- THE INPUT -

* * *

(* Under the standing setup, the difference in group means satisfies $$D=\frac{\delta_B+\delta_W}{(1-\gamma)\,\mathrm{Var}(X)} .$$ (In particular $0\le\gamma<1$, and $D$ has the same sign as $\delta_B+\delta_W$.)
   Context: Let $(X,Y,N)$ be a random triple with $X\in\{0,1\}$ (group membership), $Y$ a real-valued outcome, and $N$ taking values in a finite set $\mathcal N$ (neighborhoods). Write $p_n=\Pr(N=n)$, $X_n=\mathbb E[X\mid N=n]$, $Y_n=\mathbb E[Y\mid N=n]$, and let $X_N=\mathbb E[X\mid N]$, $Y_N=\mathbb E[Y\mid N]$ denote the corresponding random variables. Assume there exists $n\in\mathcal N$ with $p_n>0$ and $X_n\in(0,1)$. Fix reals $\underline Y\le\overline Y$ and assume $Y_n^x:=\mathbb E[Y\mid X=x,N=n]\in[\underline Y,\overline Y]$ whenever $\Pr(X=x,N=n)>0$. Group means: $Y^x=\mathbb E[Y\mid X=x]$ for $x\in\{0,1\}$, and $D=Y^1-Y^0$. Between-group association: $\delta_B=\mathbb E[\mathrm{Cov}(Y,X\mid N)]$. Within-group association: $\delta_W=\mathbb E[\mathrm{Cov}(Y,X_N\mid X)]$. Aggregation ratio: $\gamma=\mathrm{Var}(X_N)/\mathrm{Var}(X)$. *)

theory Defs
  imports "HOL-Probability.Probability"
begin

text \<open>Elementary conditional mean of f on an event A: E[f | A] = E[f 1_A] / P(A)
  (equal to 0 when P(A) = 0; such values are always multiplied by P(A) or excluded).\<close>
definition cmean :: "'a measure \<Rightarrow> ('a \<Rightarrow> real) \<Rightarrow> 'a set \<Rightarrow> real" where
  "cmean M f A = (\<integral>\<omega>. indicator A \<omega> * f \<omega> \<partial>M) / measure M A"

definition var :: "'a measure \<Rightarrow> ('a \<Rightarrow> real) \<Rightarrow> real" where
  "var M f = (\<integral>\<omega>. (f \<omega> - (\<integral>\<eta>. f \<eta> \<partial>M))\<^sup>2 \<partial>M)"

definition evN :: "'a measure \<Rightarrow> ('a \<Rightarrow> 'n) \<Rightarrow> 'n \<Rightarrow> 'a set" where
  "evN M N n = N -` {n} \<inter> space M"

definition evX :: "'a measure \<Rightarrow> ('a \<Rightarrow> real) \<Rightarrow> real \<Rightarrow> 'a set" where
  "evX M X x = X -` {x} \<inter> space M"

definition XN :: "'a measure \<Rightarrow> ('a \<Rightarrow> real) \<Rightarrow> ('a \<Rightarrow> 'n) \<Rightarrow> 'a \<Rightarrow> real" where
  "XN M X N \<omega> = cmean M X (evN M N (N \<omega>))"

definition deltaB :: "'a measure \<Rightarrow> ('a \<Rightarrow> real) \<Rightarrow> ('a \<Rightarrow> real) \<Rightarrow> ('a \<Rightarrow> 'n::finite) \<Rightarrow> real" where
  "deltaB M X Y N = (\<Sum>n\<in>UNIV. measure M (evN M N n) *
     (cmean M (\<lambda>\<omega>. Y \<omega> * X \<omega>) (evN M N n) - cmean M Y (evN M N n) * cmean M X (evN M N n)))"

definition deltaW :: "'a measure \<Rightarrow> ('a \<Rightarrow> real) \<Rightarrow> ('a \<Rightarrow> real) \<Rightarrow> ('a \<Rightarrow> 'n::finite) \<Rightarrow> real" where
  "deltaW M X Y N = (\<Sum>x\<in>{0,1}. measure M (evX M X x) *
     (cmean M (\<lambda>\<omega>. Y \<omega> * XN M X N \<omega>) (evX M X x)
      - cmean M Y (evX M X x) * cmean M (XN M X N) (evX M X x)))"

definition gammaAgg :: "'a measure \<Rightarrow> ('a \<Rightarrow> real) \<Rightarrow> ('a \<Rightarrow> 'n) \<Rightarrow> real" where
  "gammaAgg M X N = var M (XN M X N) / var M X"

definition Dgap :: "'a measure \<Rightarrow> ('a \<Rightarrow> real) \<Rightarrow> ('a \<Rightarrow> real) \<Rightarrow> real" where
  "Dgap M X Y = cmean M Y (evX M X 1) - cmean M Y (evX M X 0)"

end

theory Submission
  imports Defs
begin

text \<open>Write \<open>\<mu> = E[X]\<close> and \<open>q = E[X X\<^sub>N]\<close>; by the tower property over the finite
  partition generated by \<open>N\<close>, \<open>E[X\<^sub>N] = \<mu>\<close> and \<open>E[X\<^sub>N\<^sup>2] = q\<close>. Expanding the conditional
  covariances gives \<open>\<delta>\<^sub>B = E[XY] - E[Y X\<^sub>N]\<close> and
  \<open>\<delta>\<^sub>W = E[Y X\<^sub>N] - E[XY] q/\<mu> - E[(1-X)Y] (\<mu>-q)/(1-\<mu>)\<close>, so \<open>\<delta>\<^sub>B + \<delta>\<^sub>W = (\<mu> - q) D\<close>.
  Since \<open>X\<close> is binary, \<open>Var X = \<mu> - \<mu>\<^sup>2\<close> and \<open>Var X\<^sub>N = q - \<mu>\<^sup>2\<close>, hence
  \<open>(1 - \<gamma>) Var X = \<mu> - q = E[X\<^sub>N (1 - X\<^sub>N)]\<close>, the mean within-neighbourhood variance, which is
  positive because some neighbourhood of positive mass is mixed.\<close>

lemma integrable_mult_bounded:
  fixes f g :: "'a \<Rightarrow> real"
  assumes f: "integrable M f" and g: "g \<in> borel_measurable M"
    and bound: "\<forall>\<omega>\<in>space M. \<bar>g \<omega>\<bar> \<le> B"
  shows "integrable M (\<lambda>\<omega>. f \<omega> * g \<omega>)"
proof (rule Bochner_Integration.integrable_bound[where f="\<lambda>\<omega>. B * f \<omega>"])
  show "integrable M (\<lambda>\<omega>. B * f \<omega>)" using f by simp
  show "(\<lambda>\<omega>. f \<omega> * g \<omega>) \<in> borel_measurable M"
    using borel_measurable_integrable[OF f] g by measurable
  show "AE \<omega> in M. norm (f \<omega> * g \<omega>) \<le> norm (B * f \<omega>)"
  proof (rule AE_I2)
    fix \<omega> assume "\<omega> \<in> space M"
    with bound have g_le: "\<bar>g \<omega>\<bar> \<le> B" by blast
    then have "\<bar>B\<bar> = B" by linarith
    with mult_left_mono[OF g_le abs_ge_zero[of "f \<omega>"]]
    show "norm (f \<omega> * g \<omega>) \<le> norm (B * f \<omega>)"
      by (simp add: abs_mult mult.commute[of B])
  qed
qed

lemma (in finite_measure) measure_mult_cmean:
  assumes A: "A \<in> sets M" and f: "integrable M f"
  shows "measure M A * cmean M f A = (\<integral>\<omega>. indicator A \<omega> * f \<omega> \<partial>M)"
proof (cases "measure M A = 0")
  case True
  with A have "A \<in> null_sets M"
    by (simp add: null_sets_def emeasure_eq_measure)
  then have "AE \<omega> in M. indicator A \<omega> * f \<omega> = 0"
    by (rule AE_mp[OF AE_not_in]) simp
  then have "(\<integral>\<omega>. indicator A \<omega> * f \<omega> \<partial>M) = 0"
    by (rule integral_eq_zero_AE)
  with True show ?thesis by simp
qed (simp add: cmean_def)

lemma (in finite_measure) measure_mult_cmean_cov:
  assumes A: "A \<in> sets M" and f: "integrable M f" and fg: "integrable M (\<lambda>\<omega>. f \<omega> * g \<omega>)"
  shows "measure M A * (cmean M (\<lambda>\<omega>. f \<omega> * g \<omega>) A - cmean M f A * cmean M g A)
    = (\<integral>\<omega>. indicator A \<omega> * (f \<omega> * g \<omega>) \<partial>M)
      - (\<integral>\<omega>. indicator A \<omega> * f \<omega> \<partial>M) * (\<integral>\<omega>. indicator A \<omega> * g \<omega> \<partial>M) / measure M A"
  using measure_mult_cmean[OF A f] measure_mult_cmean[OF A fg]
  by (simp add: right_diff_distrib cmean_def[of M g] flip: mult.assoc)

lemma sets_evN: "N \<in> M \<rightarrow>\<^sub>M count_space UNIV \<Longrightarrow> evN M N n \<in> sets M"
  unfolding evN_def by (auto intro: measurable_sets)

lemma sets_evX: "X \<in> borel_measurable M \<Longrightarrow> evX M X x \<in> sets M"
  unfolding evX_def by (auto intro: measurable_sets)

lemma integral_mult_comp_eq_sum:
  fixes N :: "'a \<Rightarrow> 'n::finite" and f :: "'a \<Rightarrow> real"
  assumes f: "integrable M f" and N: "N \<in> M \<rightarrow>\<^sub>M count_space UNIV"
  shows "(\<integral>\<omega>. f \<omega> * h (N \<omega>) \<partial>M) = (\<Sum>n\<in>UNIV. h n * (\<integral>\<omega>. indicator (evN M N n) \<omega> * f \<omega> \<partial>M))"
proof -
  have "(\<integral>\<omega>. f \<omega> * h (N \<omega>) \<partial>M) = (\<integral>\<omega>. (\<Sum>n\<in>UNIV. h n * (indicator (evN M N n) \<omega> * f \<omega>)) \<partial>M)"
  proof (intro Bochner_Integration.integral_cong refl)
    fix \<omega> assume "\<omega> \<in> space M"
    then have "(\<Sum>n\<in>UNIV. h n * (indicator (evN M N n) \<omega> * f \<omega>))
        = (\<Sum>n\<in>UNIV. if n = N \<omega> then h n * f \<omega> else 0)"
      by (intro sum.cong) (auto simp: evN_def)
    then show "f \<omega> * h (N \<omega>) = (\<Sum>n\<in>UNIV. h n * (indicator (evN M N n) \<omega> * f \<omega>))"
      by simp
  qed
  also have "\<dots> = (\<Sum>n\<in>UNIV. h n * (\<integral>\<omega>. indicator (evN M N n) \<omega> * f \<omega> \<partial>M))"
    using integrable_real_mult_indicator[OF sets_evN[OF N] f] by (simp add: mult.commute)
  finally show ?thesis .
qed

lemma (in finite_measure) integral_comp_eq_sum:
  fixes N :: "'a \<Rightarrow> 'n::finite"
  assumes N: "N \<in> M \<rightarrow>\<^sub>M count_space UNIV"
  shows "(\<integral>\<omega>. h (N \<omega>) \<partial>M) = (\<Sum>n\<in>UNIV. measure M (evN M N n) * h n)"
  using integral_mult_comp_eq_sum[of M "\<lambda>_. 1" N h, OF _ N] sets_evN[OF N]
  by (simp add: mult.commute)

lemma (in finite_measure) integral_mult_cmean_comp:
  fixes N :: "'a \<Rightarrow> 'n::finite"
  assumes f: "integrable M f" and N: "N \<in> M \<rightarrow>\<^sub>M count_space UNIV"
  shows "(\<integral>\<omega>. f \<omega> * h (N \<omega>) \<partial>M) = (\<integral>\<omega>. cmean M f (evN M N (N \<omega>)) * h (N \<omega>) \<partial>M)"
proof -
  have "(\<integral>\<omega>. cmean M f (evN M N (N \<omega>)) * h (N \<omega>) \<partial>M)
      = (\<Sum>n\<in>UNIV. measure M (evN M N n) * cmean M f (evN M N n) * h n)"
    using integral_comp_eq_sum[OF N, of "\<lambda>n. cmean M f (evN M N n) * h n"] by (simp add: mult.assoc)
  also have "\<dots> = (\<Sum>n\<in>UNIV. h n * (\<integral>\<omega>. indicator (evN M N n) \<omega> * f \<omega> \<partial>M))"
    using measure_mult_cmean[OF sets_evN[OF N] f] by (simp add: mult.commute)
  finally show ?thesis
    using integral_mult_comp_eq_sum[OF f N] by simp
qed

* * *

- ABOUT THIS TASK -
From the data above, output only the lines between the line containing "f \<omega> \<partial>M) /" and the line containing "('a \<Rightarrow> 'n) \<Rightarrow> 'a", inclusive, exactly as written.

- COMPLETED TASK -
  "cmean M f A = (\<integral>\<omega>. indicator A \<omega> * f \<omega> \<partial>M) / measure M A"

definition var :: "'a measure \<Rightarrow> ('a \<Rightarrow> real) \<Rightarrow> real" where
  "var M f = (\<integral>\<omega>. (f \<omega> - (\<integral>\<eta>. f \<eta> \<partial>M))\<^sup>2 \<partial>M)"

definition evN :: "'a measure \<Rightarrow> ('a \<Rightarrow> 'n) \<Rightarrow> 'n \<Rightarrow> 'a set" where
  "evN M N n = N -` {n} \<inter> space M"

definition evX :: "'a measure \<Rightarrow> ('a \<Rightarrow> real) \<Rightarrow> real \<Rightarrow> 'a set" where
  "evX M X x = X -` {x} \<inter> space M"

definition XN :: "'a measure \<Rightarrow> ('a \<Rightarrow> real) \<Rightarrow> ('a \<Rightarrow> 'n) \<Rightarrow> 'a \<Rightarrow> real" where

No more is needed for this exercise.